There is another domain where standarization will be even more important, but will probably also take longer. When multiple sites are using this kind of individual tagging, it will be very helpful for them to have a way to operate within a shared social landscape, let individuals extend their profile across sites, and so forth. Interaction between sites requires careful design, since it raises lots of issues about user privacy, security, control by each site of how much information it shares, etc. Also, the protocol for interaction has to be a standard, since it will be used by multiple different developers, and has to be implemented consistently to provide interoperability.

While this cross-site interaction has the potential to generate a great deal of value, we have to realistically defer this design until we have enough experience and enough different developers involved to get it right.

Reply to Craig Hubley (3)

Continuing with my response to Craig’s comment, his third point:

Because they’re political, the influence of our politics on our tags probably has to be (if not explicit) easy to determine by correlation.

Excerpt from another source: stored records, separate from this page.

lemma eventually_fun_upd_zero_in_subbasis:
  assumes "G \<in> subbasis" "x \<in> G"
  shows "\<forall>\<^sub>F a in nhds (x 0). \<bar>a\<bar> \<le> 1 \<longrightarrow> x(0 := a) \<in> G"
proof -
  from assms(1) consider (slab) f lo hi where "G = slab f lo hi" "f \<in> c0_dual"
    | (tube) c d where "G = tube c d"
    unfolding subbasis_def by blast
  then show ?thesis
  proof cases
    case slab
    have x: "x \<in> c0_ball" "f x \<in> {lo<..<hi}"
      using assms(2) slab(1) by (auto simp: slab_def)
    have "((\<lambda>a. f x + (a - x 0) * f (unit_vec 0))
        \<longlongrightarrow> f x + (x 0 - x 0) * f (unit_vec 0)) (nhds (x 0))"
      by (intro tendsto_intros filterlim_ident)
    then have "\<forall>\<^sub>F a in nhds (x 0). f x + (a - x 0) * f (unit_vec 0) \<in> {lo<..<hi}"
      using x(2) by (intro topological_tendstoD) auto
    then show ?thesis
      by (rule eventually_mono)
        (use x c0_dual_fun_upd[OF slab(2)] fun_upd_in_c0_ball
          in \<open>auto simp: slab(1) slab_def c0_ball_def\<close>)
  next
    case tube
    have x: "x \<in> c0_ball" "\<forall>k\<in>quiet_indices (c 0) d. \<bar>x k - c k\<bar> < d"
      using assms(2) tube by (auto simp: tube_def)
    then have "x 0 \<in> ball (c 0) d"
      using zero_in_quiet_indices by (auto simp: dist_real_def abs_minus_commute)
    then have "\<forall>\<^sub>F a in nhds (x 0). a \<in> ball (c 0) d"
      by (intro eventually_nhds_in_open) auto
    then show ?thesis
      by (rule eventually_mono)
        (use x fun_upd_in_c0_ball in \<open>auto simp: tube tube_def dist_real_def abs_minus_commute\<close>)
  qed
qed

lemma eventually_fun_upd_near_in_basic_set:
  assumes "finite F" "F \<subseteq> subbasis" "x \<in> basic_set F"
  shows "\<forall>\<^sub>F k in sequentially. k \<in> near_indices (x 0) \<longrightarrow> (\<forall>a. \<bar>a\<bar> \<le> 1 \<longrightarrow> x(k := a) \<in> basic_set F)"
proof -
  have "\<forall>\<^sub>F k in sequentially. \<forall>G\<in>F. k \<in> near_indices (x 0) \<longrightarrow> (\<forall>a. \<bar>a\<bar> \<le> 1 \<longrightarrow> x(k := a) \<in> G)"
    using assms by (intro eventually_ball_finite ballI eventually_fun_upd_near_in_subbasis)
      (auto simp: basic_set_def)
  then show ?thesis
    by (rule eventually_mono) (use assms(3) fun_upd_in_c0_ball in \<open>auto simp: basic_set_def\<close>)
qed

lemma eventually_fun_upd_zero_in_basic_set:
  assumes "finite F" "F \<subseteq> subbasis" "x \<in> basic_set F"
  shows "\<forall>\<^sub>F a in nhds (x 0). \<bar>a\<bar> \<le> 1 \<longrightarrow> x(0 := a) \<in> basic_set F"
proof -
  have "\<forall>\<^sub>F a in nhds (x 0). \<forall>G\<in>F. \<bar>a\<bar> \<le> 1 \<longrightarrow> x(0 := a) \<in> G"
    using assms by (intro eventually_ball_finite ballI eventually_fun_upd_zero_in_subbasis)
      (auto simp: basic_set_def)
  then show ?thesis
    by (rule eventually_mono) (use assms(3) fun_upd_in_c0_ball in \<open>auto simp: basic_set_def\<close>)
qed

lemma c0_diam_le:
  assumes "S \<noteq> {}" "\<And>z z'. z \<in> S \<Longrightarrow> z' \<in> S \<Longrightarrow> c0_norm (\<lambda>n. z n - z' n) \<le> D"
  shows "c0_diam S \<le> D"
  unfolding c0_diam_def using assms by (intro cSUP_least) auto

Someone who’s using tags like “Peak Oil” or “culture of life” at all, is clearly part of some group or movement. Mention of “seal hunt” as a specific or distinct topic suggests concern with it as an issue. Varying terms like “monetary reform”, “capital base”, “reserve rules”, “Bretton Woods”, “dollar hegemony”, all suggest different angles on the same problem, some of which (”reform”) suggest action should be taken. The people tagging may NOT all want to find each other, but the reader DOES want to find all the angles on these issues and therefore would PREFER that tags aggregate in certain ways. For someone “on the left”, perhaps “abortion” aggregates with “women’s rights”, while “on the right” it aggregates with “culture of life”. There must be respect for these choices, and there must be ways to keep these aggregations (”redirects” in wiki-speak) under the control of the user, or a user-chosen, user-trusted, agent. At the highest level of abstraction, I’d simply choose metaphors I wished to reinforce or move towards, and those I wished to abandon, and let aggregation occur as a function of those choices. At least, it might decide which of a long list of hits to drop off, or set some ordering choices. That would be no more insidious than what google is now doing, for its own reasons (not mine).

This point raises a number of technical issues about our approach. They are worth discussing, but realistically, we don’t yet know how we’re going to handle them, so any response at this point is speculative. But hey, speculation is fun!

First, we definitely plan to give each user the ability to make their own individual decisions about how to aggregate issues. On the other hand note that that does not require them to make all the decisions themselves, we certainly plan to let them use the aggregation done by others.

Second, as far as possible we’d like the system to implicitly acquire each user’s current preferences, rather than making users “explain” what they want or why they want it. The approach we’ve adopted is to let users attach tags, and then try to learn the attributes of the content that are statistically common to the way that user uses a given tag. In some sense this should let us describe the user’s current “rule” for applying that tag. The “rule”, of course, can change gradually or abruptly over time, and we should be able to track those changes.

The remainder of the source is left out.